The progressive compaction of RPA-DBC seems to be accompanied by a reduction in inter-domain flexibility. For example, the spatial volumes of the scattering envelopes become increasingly condensed with each structural transition and are well fit by the volumes of the high-resolution domain structures as soon as the trimer core is engaged (Figure 4C). This decrease in envelope volume is consistent with a reduction in inter-domain fluctuations (37). Direct extraction of the volume from experimental data supports our hypotheses of DNA-dependent compaction of the protein. SAXS data limited to the linear portion of the Porod-Debye region was used to estimate particle volumes for DBC alone (167 905 Å3), DBC + 10 nt (149 693 Å3), DBC + 20 nt (136 743 Å3), DBC + 24 nt (128 189 Å3) DBC + 27 nt (134 010 Å3) and DBC + 30 nt (139 054 Å3) (Table 1) (39). Although the addition of ssDNA should increase the volume, we saw significant DNA-induced decreases in volume as ssDNA is added to the 10- and 20-nt substrates, even when subtracting the increasing volumes for the DNA (Supplementary Figure S10). These correspond well to the two primary transitions in RPA-DBC architecture, consistent with a reduction in inter-domain fluctuations and compaction of RPA-DBC as the DNA-binding core engages ssDNA. The 24-, 27- and 30- complexes are similar to each other and to the 20-nt complex. The downwards and then upwards trends in these volumes are attributed to full engagement of RPA-DBC and subsequent redistribution of domains on the substrate.

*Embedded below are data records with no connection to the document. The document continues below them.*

lemma weighted_laplace_eq_if_eq_on_seq:
  fixes m :: "nat \<Rightarrow> real"
  assumes m_pos: "0 < m 0" and m_mono: "strict_mono m" and m_div: "\<not> summable (\<lambda>i. 1 / m i)"
    and rv1: "weighted_nonneg_rv M1 X1 w1" and rv2: "weighted_nonneg_rv M2 X2 w2"
    and eq: "\<And>i. (\<integral>\<omega>. w1 \<omega> * exp (- m i * X1 \<omega>) \<partial>M1) = (\<integral>\<omega>. w2 \<omega> * exp (- m i * X2 \<omega>) \<partial>M2)"
    and z: "0 < Re z"
  shows "weighted_laplace M1 X1 w1 z = weighted_laplace M2 X2 w2 z"
proof -
  interpret rv1: weighted_nonneg_rv M1 X1 w1 by (rule rv1)
  interpret rv2: weighted_nonneg_rv M2 X2 w2 by (rule rv2)
  have holo: "(\<lambda>z. weighted_laplace M1 X1 w1 z - weighted_laplace M2 X2 w2 z) holomorphic_on {z. 0 < Re z}"
    by (intro holomorphic_intros rv1.weighted_laplace_holomorphic rv2.weighted_laplace_holomorphic)
  have bound: "norm (weighted_laplace M1 X1 w1 z - weighted_laplace M2 X2 w2 z) \<le> 2" if "0 < Re z" for z
    using norm_triangle_ineq4[of "weighted_laplace M1 X1 w1 z" "weighted_laplace M2 X2 w2 z"]
      rv1.norm_weighted_laplace_le_1[of z] rv2.norm_weighted_laplace_le_1[of z] that
    by simp
  have zeros: "weighted_laplace M1 X1 w1 (of_real (m i)) - weighted_laplace M2 X2 w2 (of_real (m i)) = 0" for i
    using eq[of i] by (simp add: weighted_laplace_of_real)
  have "weighted_laplace M1 X1 w1 z - weighted_laplace M2 X2 w2 z = 0"
    by (rule bounded_holomorphic_halfplane_eq_0[OF holo bound m_pos m_mono m_div zeros z])
  then show ?thesis
    by simp
qed

lemma weighted_cdf_eq_if_laplace_eq_on_seq:
  fixes m :: "nat \<Rightarrow> real"
  assumes "0 < m 0" "strict_mono m" "\<not> summable (\<lambda>i. 1 / m i)"
    and "weighted_nonneg_rv M1 X1 w1" "weighted_nonneg_rv M2 X2 w2"
    and "\<And>i. (\<integral>\<omega>. w1 \<omega> * exp (- m i * X1 \<omega>) \<partial>M1) = (\<integral>\<omega>. w2 \<omega> * exp (- m i * X2 \<omega>) \<partial>M2)"
  shows "(\<integral>\<omega>. indicator {..y} (X1 \<omega>) * w1 \<omega> \<partial>M1) = (\<integral>\<omega>. indicator {..y} (X2 \<omega>) * w2 \<omega> \<partial>M2)"
proof (rule weighted_cdf_eq_if_weighted_laplace_eq_on_line[OF assms(4,5)])
  fix t :: real
  show "weighted_laplace M1 X1 w1 (1 - \<i> * of_real t) = weighted_laplace M2 X2 w2 (1 - \<i> * of_real t)"
    by (rule weighted_laplace_eq_if_eq_on_seq[OF assms]) simp
qed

To obtain insights into the molecular architectures associated with the longer DNA substrates, we performed MD simulations of RPA-DBC in complex with 20- and 30-nt. The 20-nt intermediate binding mode has been thought to involve ssDNA binding to just 70A, 70B and 70C, but manual modelling revealed it is physically possible to also engage 32D. Consequently, separate starting models representing the extremes of binding were created: the first with all four domains bound to the substrate (‘compact’) and a second engaging only A, B and C with 9 nt between 70B and 70C (‘extended’) (Supplementary Figure S8).
For the compact 20-nt simulation, the fit of the averaged scattering profile from 100 000 models to the experimental scattering data was not as good as observed for the DNA-free and 10-nt complex (Figure 6A, top). Inspection of the distribution of Rg values indicates a highly uniform architecture that is more compact than that detected experimentally (compare ~33 Å from simulation versus ~35 Å from experiment) (Figure 6B, top). The narrow ranges of 70AB-trimer core distances, inter-domain angles and oscillations observed in the simulation indicate that the system is highly constrained (Supplementary Figures S8 and S9), which is inconsistent with the experimental data. These results strongly suggest that architectures in which 32D is engaged on 20-nt of DNA are not significantly populated.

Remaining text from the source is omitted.